> [The task]
Filter these entries down to the lines that hold the word "exists", and show each of them.
Data to process: Begin
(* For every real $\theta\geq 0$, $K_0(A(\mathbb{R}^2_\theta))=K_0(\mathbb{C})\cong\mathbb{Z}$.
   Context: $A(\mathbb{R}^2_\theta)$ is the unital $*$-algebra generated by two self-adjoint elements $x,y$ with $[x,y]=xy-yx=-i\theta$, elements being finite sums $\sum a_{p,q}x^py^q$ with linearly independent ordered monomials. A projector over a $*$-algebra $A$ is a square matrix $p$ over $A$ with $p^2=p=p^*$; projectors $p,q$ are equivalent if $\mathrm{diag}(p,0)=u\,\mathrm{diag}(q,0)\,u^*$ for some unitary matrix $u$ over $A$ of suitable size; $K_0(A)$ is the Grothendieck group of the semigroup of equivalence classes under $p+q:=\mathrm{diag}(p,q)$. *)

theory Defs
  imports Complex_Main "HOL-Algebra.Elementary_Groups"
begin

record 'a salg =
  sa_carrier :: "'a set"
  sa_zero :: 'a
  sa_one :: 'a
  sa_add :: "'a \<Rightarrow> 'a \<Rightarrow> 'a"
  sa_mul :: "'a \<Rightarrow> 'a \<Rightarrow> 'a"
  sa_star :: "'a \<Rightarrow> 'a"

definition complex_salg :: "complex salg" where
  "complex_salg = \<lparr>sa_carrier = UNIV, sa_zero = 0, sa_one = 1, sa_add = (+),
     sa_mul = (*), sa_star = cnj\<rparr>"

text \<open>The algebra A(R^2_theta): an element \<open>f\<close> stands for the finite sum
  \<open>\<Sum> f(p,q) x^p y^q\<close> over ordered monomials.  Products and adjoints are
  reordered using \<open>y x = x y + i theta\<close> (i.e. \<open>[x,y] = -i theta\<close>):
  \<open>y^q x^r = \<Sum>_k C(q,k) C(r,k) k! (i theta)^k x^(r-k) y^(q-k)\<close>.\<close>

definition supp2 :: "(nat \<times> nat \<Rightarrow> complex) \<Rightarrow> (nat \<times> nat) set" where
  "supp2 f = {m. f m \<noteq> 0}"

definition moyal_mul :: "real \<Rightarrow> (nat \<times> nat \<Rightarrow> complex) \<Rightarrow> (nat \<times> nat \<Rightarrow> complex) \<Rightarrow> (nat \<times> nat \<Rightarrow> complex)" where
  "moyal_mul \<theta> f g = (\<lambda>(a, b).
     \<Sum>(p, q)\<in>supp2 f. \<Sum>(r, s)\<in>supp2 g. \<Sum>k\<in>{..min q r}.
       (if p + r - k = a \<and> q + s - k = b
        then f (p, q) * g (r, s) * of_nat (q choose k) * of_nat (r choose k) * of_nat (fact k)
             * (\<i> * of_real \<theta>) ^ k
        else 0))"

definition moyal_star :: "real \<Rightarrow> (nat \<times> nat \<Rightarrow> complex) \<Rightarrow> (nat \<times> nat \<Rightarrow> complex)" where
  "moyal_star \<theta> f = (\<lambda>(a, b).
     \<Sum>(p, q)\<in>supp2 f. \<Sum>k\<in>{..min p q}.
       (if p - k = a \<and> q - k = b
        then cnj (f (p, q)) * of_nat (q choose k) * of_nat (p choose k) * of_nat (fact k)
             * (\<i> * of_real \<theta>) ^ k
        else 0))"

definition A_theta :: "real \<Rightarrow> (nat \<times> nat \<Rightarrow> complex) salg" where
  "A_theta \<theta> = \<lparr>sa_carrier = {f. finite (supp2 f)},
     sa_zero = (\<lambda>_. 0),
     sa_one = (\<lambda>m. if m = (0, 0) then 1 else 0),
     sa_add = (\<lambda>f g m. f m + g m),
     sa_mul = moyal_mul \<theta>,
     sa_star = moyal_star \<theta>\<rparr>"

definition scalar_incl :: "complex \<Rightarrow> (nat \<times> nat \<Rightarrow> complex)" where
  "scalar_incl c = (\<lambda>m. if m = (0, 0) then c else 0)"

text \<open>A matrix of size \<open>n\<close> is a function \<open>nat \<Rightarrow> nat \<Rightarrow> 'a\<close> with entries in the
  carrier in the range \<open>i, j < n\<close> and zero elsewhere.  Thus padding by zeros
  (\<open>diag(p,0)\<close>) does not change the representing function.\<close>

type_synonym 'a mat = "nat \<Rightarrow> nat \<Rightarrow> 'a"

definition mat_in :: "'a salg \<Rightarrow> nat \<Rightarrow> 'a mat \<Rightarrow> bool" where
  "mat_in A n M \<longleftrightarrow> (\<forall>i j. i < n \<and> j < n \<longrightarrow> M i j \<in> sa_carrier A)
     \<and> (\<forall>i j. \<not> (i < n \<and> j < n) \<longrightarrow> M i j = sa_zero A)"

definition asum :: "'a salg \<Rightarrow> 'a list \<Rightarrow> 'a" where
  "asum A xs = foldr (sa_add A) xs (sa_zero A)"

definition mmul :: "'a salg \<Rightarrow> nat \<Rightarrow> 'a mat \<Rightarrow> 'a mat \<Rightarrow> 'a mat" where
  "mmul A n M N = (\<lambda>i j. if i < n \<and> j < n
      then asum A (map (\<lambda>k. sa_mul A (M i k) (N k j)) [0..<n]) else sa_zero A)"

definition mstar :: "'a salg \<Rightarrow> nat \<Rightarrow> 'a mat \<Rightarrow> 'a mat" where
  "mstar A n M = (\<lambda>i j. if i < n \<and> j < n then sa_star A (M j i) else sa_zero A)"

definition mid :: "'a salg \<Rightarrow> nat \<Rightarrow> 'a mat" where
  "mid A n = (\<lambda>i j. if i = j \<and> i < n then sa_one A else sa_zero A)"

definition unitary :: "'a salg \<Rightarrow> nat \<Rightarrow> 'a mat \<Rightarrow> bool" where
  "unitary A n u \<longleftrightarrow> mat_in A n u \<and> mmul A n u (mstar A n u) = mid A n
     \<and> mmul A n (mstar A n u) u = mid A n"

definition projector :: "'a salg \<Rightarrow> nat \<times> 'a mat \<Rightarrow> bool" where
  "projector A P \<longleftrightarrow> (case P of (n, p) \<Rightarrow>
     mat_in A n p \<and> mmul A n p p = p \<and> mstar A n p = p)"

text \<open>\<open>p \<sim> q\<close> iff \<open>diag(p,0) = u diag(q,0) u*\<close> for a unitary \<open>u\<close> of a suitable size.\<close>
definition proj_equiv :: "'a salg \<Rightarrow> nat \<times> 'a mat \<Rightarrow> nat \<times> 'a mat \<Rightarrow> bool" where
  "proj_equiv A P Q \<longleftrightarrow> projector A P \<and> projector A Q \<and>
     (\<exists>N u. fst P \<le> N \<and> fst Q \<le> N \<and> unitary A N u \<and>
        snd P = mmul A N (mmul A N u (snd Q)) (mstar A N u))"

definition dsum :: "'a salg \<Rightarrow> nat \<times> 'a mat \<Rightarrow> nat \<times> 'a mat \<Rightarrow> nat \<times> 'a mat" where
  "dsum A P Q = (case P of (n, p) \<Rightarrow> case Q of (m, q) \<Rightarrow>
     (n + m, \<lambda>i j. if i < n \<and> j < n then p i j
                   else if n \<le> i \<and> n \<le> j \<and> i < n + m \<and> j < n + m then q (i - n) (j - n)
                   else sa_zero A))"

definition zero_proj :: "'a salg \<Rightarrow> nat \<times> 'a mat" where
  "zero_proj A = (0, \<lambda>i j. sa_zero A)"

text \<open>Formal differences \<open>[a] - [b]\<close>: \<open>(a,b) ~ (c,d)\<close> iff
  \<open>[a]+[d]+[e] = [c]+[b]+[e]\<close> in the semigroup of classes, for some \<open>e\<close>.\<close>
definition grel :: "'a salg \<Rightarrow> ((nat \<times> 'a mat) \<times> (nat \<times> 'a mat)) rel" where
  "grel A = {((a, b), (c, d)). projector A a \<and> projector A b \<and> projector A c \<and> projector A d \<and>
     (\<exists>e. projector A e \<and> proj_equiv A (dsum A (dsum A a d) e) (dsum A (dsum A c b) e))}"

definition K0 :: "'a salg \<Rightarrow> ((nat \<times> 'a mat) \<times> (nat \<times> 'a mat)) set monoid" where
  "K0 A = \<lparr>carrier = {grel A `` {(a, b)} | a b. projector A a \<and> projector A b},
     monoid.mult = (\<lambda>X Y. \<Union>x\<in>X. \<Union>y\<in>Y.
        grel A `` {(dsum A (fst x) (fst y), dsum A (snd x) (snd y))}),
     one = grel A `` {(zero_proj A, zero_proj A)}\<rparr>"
Data to process: End
> [Expected answer]
     (\<exists>N u. fst P \<le> N \<and> fst Q \<le> N \<and> unitary A N u \<and>
     (\<exists>e. projector A e \<and> proj_equiv A (dsum A (dsum A a d) e) (dsum A (dsum A c b) e))}"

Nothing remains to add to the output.